By ADRIAN GROPPER, MD
The original sin of health records interoperability was the loss of consent in HIPAA. In 2000, when HIPAA (Health Insurance Portability and Accountability Act) first became law, the Internet was hardly a thing in healthcare. The Nationwide Health Information Network (NHIN) was not a thing until 2004. 2009 brought us the HITECH Act and Meaningful Use and 2016 brought the 21st Century Cures Act with “information blocking” as clear evidence of bipartisan frustration. Cures, in 2018, begat TEFCA, the draft Trusted Exchange Framework and Common Agreement. The next update to the draft TEFCA is expected before 2019 which is also the year that Meaningful Use Stage 3 goes into effect.
Over nearly two decades of intense computing growth, the one thing that has remained constant in healthcare interoperability is a strategy built on keeping patient consent out of the solution space. The 2018 TEFCA draft is still designed around HIPAA and ongoing legislative activity in Washington seeks further erosion of patient consent through the elimination of the 42CFR Part 2 protections that currently apply to sensitive health data like behavioral health.
The futility of patient matching without consent parallels the futility of large-scale interoperability without consent. The lack of progress in patient matching was most recently chronicled by Pew through a survey and a Pew-funded RAND report. The Pew survey was extensive and the references cite the significant prior efforts including a 100-expert review by ONC in 2014 and the $1 million CHIME challenge in 2017 that was suspended – clear evidence of futility.
Pew’s chronicle of futility is capped by a 2-hour panel discussion designed to highlight innovations in patient matching. Pew’s experts did not include privacy experts. Nobody was there to call patient matching what it really is: involuntary surveillance. The new idea in the Pew reports is “referential matching” where the surveillance system is enhanced with information about us from data brokers and credit bureaus. What could possibly go wrong, especially as we add artificial intelligence into the surveillance toolkit?
Why is healthcare the only industry with a person matching problem? The reason is partly historical. In the days before HITECH incentives and BIG EHRs, each hospital had dozens of proprietary software vendors, many of them with their own patient ID. Within a single hospital, patient consent was not an issue and probabilistic patient matching can work when the patient universe is a single hospital. As hospitals and practices began consolidating, probabilistic patient matching still made some sense because the governance was effectively a single entity and the number of patients was in the few millions. But regional or national interoperability is a very different ballgame. Governance is now spread across competitors and the universe of patients to match within is hundreds of millions.

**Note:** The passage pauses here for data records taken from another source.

lemma l1_thickenI:
  assumes "y \<in> Y" "0 < \<delta>" "l1dist x y \<le> \<delta>"
  shows "x \<in> l1_thicken Y \<delta>"
proof -
  define b where "b = inverse \<delta> *\<^sub>R (x - y)"
  have "x = y + \<delta> *\<^sub>R b" unfolding b_def using assms(2) by simp
  moreover have "(\<Sum>i\<in>UNIV. \<bar>b$i\<bar>) = l1dist x y / \<delta>"
    unfolding b_def l1dist_def using assms(2) by (simp add: sum_divide_distrib abs_mult field_simps)
  hence "b \<in> l1_ball" unfolding l1_ball_def using assms(2,3) by simp
  ultimately show ?thesis unfolding l1_thicken_def using assms(1) by blast
qed

lemma l1_hausdist_le:
  assumes "0 < \<delta>" "X \<subseteq> l1_thicken Y \<delta>" "Y \<subseteq> l1_thicken X \<delta>"
  shows "l1_hausdist X Y \<le> \<delta>"
  unfolding l1_hausdist_def
proof (rule cInf_lower)
  show "bdd_below {\<delta>. 0 < \<delta> \<and> X \<subseteq> l1_thicken Y \<delta> \<and> Y \<subseteq> l1_thicken X \<delta>}"
    by (rule bdd_belowI[of _ 0]) simp
qed (use assms in simp)

lemma l1_hausdist_pixel_hull_le:
  fixes Z :: "(real^'n) set"
  assumes lam: "lam > 0"
  shows "l1_hausdist Z (pixel_hull lam Z) \<le> real CARD('n) * lam"
proof (rule l1_hausdist_le)
  show \<delta>: "0 < real CARD('n) * lam" using lam by simp
  show "Z \<subseteq> l1_thicken (pixel_hull lam Z) (real CARD('n) * lam)"
  proof
    fix z assume "z \<in> Z"
    thus "z \<in> l1_thicken (pixel_hull lam Z) (real CARD('n) * lam)"
      using subset_pixel_hull[OF lam] \<delta> by (intro l1_thickenI[OF _ \<delta>]) auto
  qed
  show "pixel_hull lam Z \<subseteq> l1_thicken Z (real CARD('n) * lam)"
  proof
    fix x assume "x \<in> pixel_hull lam Z"
    then obtain z where z: "z \<in> Z" "\<And>i. same_cell lam (x$i) (z$i)"
      unfolding pixel_hull_def by blast
    have "l1dist x z \<le> (\<Sum>i\<in>(UNIV::'n set). lam)"
      unfolding l1dist_def by (rule sum_mono) (use same_cell_dist z(2) in auto)
    thus "x \<in> l1_thicken Z (real CARD('n) * lam)" using l1_thickenI[OF z(1) \<delta>] by simp
  qed
qed

theorem theorem3p2:
  fixes Z :: "(real^'n) set" and \<epsilon> :: real
  assumes "compact Z" and "Z \<noteq> {}" and "l1_convex Z" and "\<epsilon> > 0"
  shows "\<exists>P :: (real^'n) set. P \<noteq> {} \<and> pixellated P \<and> l1_convex P \<and> l1_hausdist Z P < \<epsilon>"
proof -
  define lam where "lam = \<epsilon> / (2 * CARD('n))"
  have lam: "lam > 0" unfolding lam_def using \<open>\<epsilon> > 0\<close> by simp
  have "pixel_hull lam Z \<noteq> {}" using subset_pixel_hull[OF lam] \<open>Z \<noteq> {}\<close> by blast
  moreover have "pixellated (pixel_hull lam Z)"
    using pixellated_pixel_hull[OF lam compact_imp_bounded[OF \<open>compact Z\<close>]] .
  moreover have "l1_convex (pixel_hull lam Z)"
    using l1_convex_pixel_hull[OF lam \<open>l1_convex Z\<close>] .
  moreover have "l1_hausdist Z (pixel_hull lam Z) < \<epsilon>"
    using l1_hausdist_pixel_hull_le[OF lam, of Z] \<open>\<epsilon> > 0\<close> by (simp add: lam_def)
  ultimately show ?thesis by blast
qed

end
(* Let $\mathcal{P}$ be a probability distribution on $\mathbb{R}$ and let $X$ be a random variable with distribution $\mathcal{P}$. Define the tail quantile function $g(p) := \inf\{r \in \mathbb{R} : \mathbb{P}(X \geq r) \leq p\}$ for $0<p<1$. Assume that (1) $\mathbb{E}|X| < \infty$, and (2) $g(p) \to \infty$ as $p \to 0^+$, and $g$ is slowly varying at zero, i.e. $g(\lambda p)/g(p) \to 1$ as $p \to 0^+$ for every fixed $\lambda > 0$. For each $n \in \mathbb{N}$, let $X_1,\dots,X_n$ be i.i.d. with distribution $\mathcal{P}$ and set $M_n = \max_{1\le i\le n} X_i$; also let $(X_{ij})_{1\le i,j\le n}$ be an $n\times n$ random matrix with i.i.d. entries having distribution $\mathcal{P}$, and set $\mathcal{M}_n = \max_{\pi \in SS_n} \sum_{i=1}^n X_{i\pi(i)}$, where $SS_n$ is the set of permutations of $\{1,\dots,n\}$. Then $$\mathbb{E} M_n = g(1/n)(1+o(1)) \quad \text{as } n\to\infty,$$ and $$\mathbb{E} \mathcal{M}_n = n\, g(1/n)(1+o(1)) \quad \text{as } n\to\infty.$$
   Context: $\{S(\pi)=\sum_{i=1}^n X_{i\pi(i)}, \pi\in SS_n\}$ is called the random assignment process; $\mathcal{M}_n$ is its maximum. *)

theory Defs
  imports "HOL-Probability.Probability" "HOL-Library.Landau_Symbols"
begin

definition tail_quantile :: "real measure \<Rightarrow> real \<Rightarrow> real" where
  "tail_quantile P p = Inf {r. measure P {r..} \<le> p}"

definition sample_max :: "nat \<Rightarrow> (nat \<Rightarrow> real) \<Rightarrow> real" where
  "sample_max n x = Max (x ` {..<n})"

definition assignment_max :: "nat \<Rightarrow> (nat \<times> nat \<Rightarrow> real) \<Rightarrow> real" where
  "assignment_max n x = Max ((\<lambda>\<pi>. \<Sum>i<n. x (i, \<pi> i)) ` {\<pi>. \<pi> permutes {..<n}})"

end

theory Submission
  imports Defs
begin

text \<open>
  Upper bounds: for every level \<open>t\<close>, \<open>max\<^sub>i X\<^sub>i \<le> t + \<Sum>\<^sub>i (X\<^sub>i - t)\<^sup>+\<close>, and an assignment is worth
  at most the sum of the row maxima; hence \<open>E M\<^sub>n \<le> t + n E(X - t)\<^sup>+\<close> and
  \<open>E \<M>\<^sub>n \<le> n (t + n E(X - t)\<^sup>+)\<close>. Slow variation gives \<open>g(p/4) \<le> 2 g(p)\<close> for small \<open>p\<close>, and
  splitting the excess over the levels \<open>g(p/4\<^sup>k) + 1\<close> yields \<open>E(X - g(p) - 1)\<^sup>+ \<le> p (4 g(p) + 2)\<close>;
  with \<open>t = g(a/n) + 1\<close> the excess term is \<open>O(a g(a/n))\<close>.

  Lower bounds: \<open>P(X \<ge> g(q) - 1) > q\<close>, so the maximum of \<open>c\<close> samples exceeds \<open>g(q) - 1\<close> with
  probability at least \<open>1 - (1 - q)\<^sup>c\<close>, and \<open>-E|X|\<close> bounds the loss elsewhere. Filling the rows one
  after another with the best entry among the columns still free collects these bounds for
  \<open>c = n, n - 1, \<dots>, 1\<close>; with \<open>q = b/n\<close> the total loss is a factor \<open>1 - 1/b\<close>.

  Slow variation turns \<open>g(a/n)\<close> and \<open>g(b/n)\<close> into \<open>g(1/n)(1 + o(1))\<close>, and \<open>g(1/n) \<rightarrow> \<infinity>\<close>
  absorbs the additive constants; letting \<open>a \<rightarrow> 0\<close> and \<open>b \<rightarrow> \<infinity>\<close> proves both asymptotics.
\<close>

lemma asymp_equivI_eventually_ratio_bounds:
  fixes f h :: "'a \<Rightarrow> real"
  assumes h_pos: "eventually (\<lambda>x. 0 < h x) F"
    and upper: "\<And>e. 0 < e \<Longrightarrow> eventually (\<lambda>x. f x \<le> (1 + e) * h x) F"
    and lower: "\<And>e. 0 < e \<Longrightarrow> eventually (\<lambda>x. (1 - e) * h x \<le> f x) F"
  shows "f \<sim>[F] h"
proof (rule asymp_equivI', rule tendstoI)
  fix e :: real
  assume "0 < e"
  then have "eventually (\<lambda>x. f x \<le> (1 + e / 2) * h x) F"
    and "eventually (\<lambda>x. (1 - e / 2) * h x \<le> f x) F"
    by (auto intro: upper lower)
  with h_pos show "eventually (\<lambda>x. dist (f x / h x) 1 < e) F"
  proof eventually_elim
    case (elim x)
    then have "0 < e * h x" using \<open>0 < e\<close> by simp
    with elim show ?case by (auto simp: dist_real_def abs_less_iff field_simps)
  qed
qed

The solution to patient matching and to interoperability is the same: patient-directed exchange. With the patient-directed exchange, patient matching is trivial and non-proprietary, consent is automatic by definition, and the costs of data brokerage are eliminated. Furthermore, the patient-directed exchange allows interoperability across 42CFR Part 2 behavioral health practices and includes community organizations and social services that are typically not covered by HIPAA. The quantity and the quality of patient data are both improved.
The next round of regulations from ONC will be a definition of information blocking and an updated version of TEFCA. Will this ONC continue to promote a strategy of involuntary surveillance by ever more powerful incumbents or will they finally allow patients to say: “Nothing about me without me”?